Mary Elizabeth Jaworsky, Catholic ecstatic, beams with euphoria as she witnesses an apparition of the Avenging Hand of God hovering over an unwitting Bill Clinton.

What, me worry? said...

“Hill detests corporate coffee mills and would never be caught dead in something as petit-bourgeois as a Starbucks, which is why I come here so often.”

“According to my former Vice President and Father of the Internet, thanks to global warming we’ll be growing coffee beans in northern Greenland within a decade.”

Straight8 said...

No, really. Does this coat make my butt look big?

Mr. Right said...

"Hey, guys, get your act in gear and get me some action over here, stat! You know I always take my coffee with cream and sugar!"

Mr. Right said...

MONICA (from under the table): "Mr. President, we have to stop meeting like this..." {zzziiiipppp!!!}

Silhouette said...

Ha! You thought to distract me with an ex-president and secret service agents, but I see Waldo's elbow!

Mr. Right said...

Coming this summer to a theater near you:

A fastidious and somewhat effeminate Secret Service Agent is forced to live with a slovenly, skirt-chasing ex-President after his wife finally kicks him out. Can these two men share a trendy apartment on Manhattan's Upper East Side --- without driving each other crazy?

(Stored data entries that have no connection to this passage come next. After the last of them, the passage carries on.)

lemma norm_xa''': assumes t: "t \<in> {0..tf}" shows "norm (xa''' t) \<le> Xa3"
proof -
  have "norm (At''' t *v xa t) \<le> MAt''' * Xa0"
    using norm_matrix_vector_mult_bound[OF norm_At'''[OF t]] norm_xa[OF t] optimal_constants_nonneg
    by (smt (verit) mult_left_mono)
  moreover have "norm (At'' t *v xa' t) \<le> MAt'' * Xa1"
    using norm_matrix_vector_mult_bound[OF norm_At''[OF t]] norm_xa'[OF t] bounds_nonneg R
    by (smt (verit) mult_left_mono MAt''_def mult_nonneg_nonneg)
  moreover have "norm (At' t *v xa'' t) \<le> MA1 * R * Xa2"
    using norm_matrix_vector_mult_bound[OF norm_At'[OF t]] norm_xa''[OF t] bounds_nonneg R
    by (smt (verit) mult_left_mono mult_nonneg_nonneg)
  ultimately have "norm (bt''' t - At''' t *v xa t - 3 *\<^sub>R (At'' t *v xa' t) - 3 *\<^sub>R (At' t *v xa'' t))
      \<le> Mbt''' + MAt''' * Xa0 + 3 * (MAt'' * Xa1) + 3 * (MA1 * R * Xa2)"
    using norm_bt'''[OF t] norm_diff_diff_le[of "bt''' t" "At''' t *v xa t" "3 *\<^sub>R (At'' t *v xa' t)"]
      norm_triangle_ineq4[of "bt''' t - At''' t *v xa t - 3 *\<^sub>R (At'' t *v xa' t)"
        "3 *\<^sub>R (At' t *v xa'' t)"]
    by simp
  then show ?thesis unfolding xa'''_def Xa3_def using norm_At_inv_le c0
    by (meson mult_left_mono order.trans less_imp_le)
qed

text \<open>Integrating the forcing term \<open>- \<epsilon> err' \<bullet> xa''\<close> of the energy by parts removes \<open>err'\<close> from
  the energy balance; with \<open>err' 0 = 0\<close> the modified energy is then \<open>O(\<epsilon>\<^sup>2)\<close>.\<close>

definition "energy2 t = energy t + eps * (err t \<bullet> xa'' t) + c0 * eps^2 * Xa2^2"

lemma energy2_deriv:
  assumes t: "t \<in> {0..tf}"
  shows "(energy2 has_real_derivative (1/2 * (err t \<bullet> (At' t *v err t)) + eps * (err t \<bullet> xa''' t)))
    (at t within {0..tf})"
proof -
  have "(energy2 has_real_derivative ((- eps * (err' t \<bullet> xa'' t) + 1/2 * (err t \<bullet> (At' t *v err t)))
      + eps * (err t \<bullet> xa''' t + err' t \<bullet> xa'' t)) + 0) (at t within {0..tf})"
    unfolding energy2_def[abs_def]
    by (intro DERIV_add DERIV_cmult energy_deriv[OF t]
        has_real_derivative_inner[OF err_deriv[OF t] xa''_deriv[OF t]] DERIV_const)
  then show ?thesis by (rule DERIV_cong) (simp add: algebra_simps)
qed
lemma energy_le_energy2: assumes t: "t \<in> {0..tf}" shows "energy t \<le> 2 * energy2 t"
proof -
  define n where "n = norm (err t)"
  define \<beta> where "\<beta> = eps * Xa2"
  have "0 \<le> (n - 2 * c0 * \<beta>)^2" by simp
  then have "4 * c0 * (\<beta> * n) \<le> n^2 + 4 * c0^2 * \<beta>^2" by (simp add: power2_eq_square algebra_simps)
  then have 1: "\<beta> * n \<le> n^2 / (4 * c0) + c0 * \<beta>^2" using c0
    by (simp add: field_simps power2_eq_square)
  have 2: "n^2 / (4 * c0) \<le> energy t / 2" using norm_err_sq_energy[of t] c0 unfolding n_def
    by (simp add: field_simps)
  have 3: "\<bar>eps * (err t \<bullet> xa'' t)\<bar> \<le> \<beta> * n"
  proof -
    have "\<bar>err t \<bullet> xa'' t\<bar> \<le> n * Xa2" unfolding n_def
      using Cauchy_Schwarz_ineq2[of "err t" "xa'' t"] norm_xa''[OF t]
      by (meson mult_left_mono norm_ge_zero order.trans)
    then show ?thesis using eps by (simp add: abs_mult \<beta>_def algebra_simps mult_left_mono)
  qed
  show ?thesis using 1 2 3 unfolding energy2_def \<beta>_def by (simp add: power_mult_distrib)
qed
(* The iterates of s |-> 2s/(1+s) starting in (0,1] stay in [t,1] and converge to 1; they drive
   the cancellation argument. *)
lemma doubling_iterates:
  fixes t :: real
  assumes "0 < t" "t \<le> 1"
  defines "s \<equiv> \<lambda>k. ((\<lambda>s. 2 * s / (1 + s)) ^^ k) t"
  shows "t \<le> s k" and "s k \<le> 1" and "s \<longlonglongrightarrow> 1"
proof -
  have bounds: "t \<le> s k \<and> s k \<le> 1 \<and> 1 - s k \<le> (1 - t) * (1 / (1 + t)) ^ k" for k
  proof (induction k)
    case 0 then show ?case using assms by (simp add: s_def)
  next
    case (Suc k)
    have sk: "t \<le> s k" "s k \<le> 1" "1 - s k \<le> (1 - t) * (1 / (1 + t)) ^ k" using Suc by auto
    have pos: "0 < 1 + s k" using sk assms by linarith
    have step: "s (Suc k) = 2 * s k / (1 + s k)" by (simp add: s_def)
    have "t * s k \<le> 1 * s k" using sk assms by (intro mult_right_mono) auto
    then have "t * (1 + s k) \<le> 2 * s k" using sk by (simp add: algebra_simps)
    then have "t \<le> s (Suc k)" using pos by (simp add: step pos_le_divide_eq)
    moreover have "s (Suc k) \<le> 1" using sk pos by (simp add: step pos_divide_le_eq)
    moreover have "1 - s (Suc k) \<le> (1 - t) * (1 / (1 + t)) ^ Suc k"
    proof -
      have alg: "1 - 2 * r / (1 + r) = (1 - r) / (1 + r)" if "0 < 1 + r" for r :: real
        using that by (simp add: field_simps)
      have "1 - s (Suc k) = (1 - s k) / (1 + s k)" unfolding step by (rule alg[OF pos])
      also have "\<dots> \<le> (1 - s k) / (1 + t)" using sk assms by (intro divide_left_mono) auto
      also have "\<dots> \<le> (1 - t) * (1 / (1 + t)) ^ k / (1 + t)" using sk assms by (intro divide_right_mono) auto
      also have "\<dots> = (1 - t) * (1 / (1 + t)) ^ Suc k" by simp
      finally show ?thesis .
    qed
    ultimately show ?case by blast
  qed
  then show "t \<le> s k" "s k \<le> 1" by auto
  have "(\<lambda>k. (1 - t) * (1 / (1 + t)) ^ k) \<longlonglongrightarrow> (1 - t) * 0"
    using assms by (intro tendsto_intros LIMSEQ_power_zero) auto
  then have geometric: "(\<lambda>k. (1 - t) * (1 / (1 + t)) ^ k) \<longlonglongrightarrow> 0" by simp
  have "\<forall>k. 0 \<le> 1 - s k" "\<forall>k. 1 - s k \<le> (1 - t) * (1 / (1 + t)) ^ k"
    using bounds by auto
  then have "(\<lambda>k. 1 - s k) \<longlonglongrightarrow> 0"
    by (intro tendsto_sandwich[OF always_eventually always_eventually tendsto_const geometric])
  then have "(\<lambda>k. 1 - (1 - s k)) \<longlonglongrightarrow> 1 - 0" by (intro tendsto_intros)
  then show "s \<longlonglongrightarrow> 1" by simp
qed
(* Let $k$ be a positive integer and let $H_k$ be the graph with half-edges obtained from the complete bipartite graph $K_{k,k}$ by deleting one vertex but keeping its $k$ incident edges as half-edges (each attached only at its other end vertex). Then $H_k$ is type 1, i.e. it admits a $(k+1)$-total colouring. Moreover, in every $(k+1)$-total colouring of $H_k$, all $k$ half-edges receive the same colour.
   Context: Graphs may contain half-edges: a half-edge has exactly one end vertex. A $(k+1)$-total colouring of such a graph assigns to each vertex, each edge and each half-edge one of $k+1$ colours so that no two adjacent vertices, no two edges/half-edges sharing an end vertex, and no vertex together with an edge or half-edge incident with it receive the same colour. The maximum degree of $H_k$ (counting half-edges) is $k$, and "type 1" means it has a total colouring with maximum degree $+1$ colours. *)

theory Defs
  imports Main
begin

text \<open>A graph with half-edges is given by a vertex set V, a set E of (ordinary)
edges, each a 2-element set of vertices, a set Hf of half-edges, and a map
hend assigning to each half-edge its unique end vertex.\<close>

definition total_colouring ::
  "'v set \<Rightarrow> 'v set set \<Rightarrow> 'h set \<Rightarrow> ('h \<Rightarrow> 'v) \<Rightarrow> nat \<Rightarrow>
   ('v \<Rightarrow> nat) \<Rightarrow> ('v set \<Rightarrow> nat) \<Rightarrow> ('h \<Rightarrow> nat) \<Rightarrow> bool" where
  "total_colouring V E Hf hend n cv ce ch \<longleftrightarrow>
     (\<forall>v\<in>V. cv v < n) \<and> (\<forall>e\<in>E. ce e < n) \<and> (\<forall>h\<in>Hf. ch h < n) \<and>
     \<comment> \<open>adjacent vertices\<close>
     (\<forall>u\<in>V. \<forall>v\<in>V. {u, v} \<in> E \<longrightarrow> cv u \<noteq> cv v) \<and>
     \<comment> \<open>two distinct edges sharing an end vertex\<close>
     (\<forall>e\<in>E. \<forall>e'\<in>E. e \<noteq> e' \<and> e \<inter> e' \<noteq> {} \<longrightarrow> ce e \<noteq> ce e') \<and>
     \<comment> \<open>an edge and a half-edge sharing an end vertex\<close>
     (\<forall>e\<in>E. \<forall>h\<in>Hf. hend h \<in> e \<longrightarrow> ce e \<noteq> ch h) \<and>
     \<comment> \<open>two distinct half-edges sharing an end vertex\<close>
     (\<forall>h\<in>Hf. \<forall>h'\<in>Hf. h \<noteq> h' \<and> hend h = hend h' \<longrightarrow> ch h \<noteq> ch h') \<and>
     \<comment> \<open>a vertex and an incident edge\<close>
     (\<forall>v\<in>V. \<forall>e\<in>E. v \<in> e \<longrightarrow> cv v \<noteq> ce e) \<and>
     \<comment> \<open>a vertex and an incident half-edge\<close>
     (\<forall>v\<in>V. \<forall>h\<in>Hf. hend h = v \<longrightarrow> cv v \<noteq> ch h)"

Steve Martin and Bill Clinton are...

The Odd Couple.

Rated PGDA (Pretty Gawdamn Awful!)

MP Martin said...

You can sit there with that smirk on your face and ask your questions little girl, but I did everything in my power to stop that little Columbian from hijacking a burro and riding it into the World Trade Center. Now hand me that sugar, my coffee's bitter. And get on the floor and biggie size my fries for me. Mmmmfff mmmfff mmmfff... Another muffburger over here please!

Submariner said...

Trenchcoat guy's thought bubble: "I dunno... They used to be friends, but should I let Staphanopolous 'get a Latte and chat with Bill'?"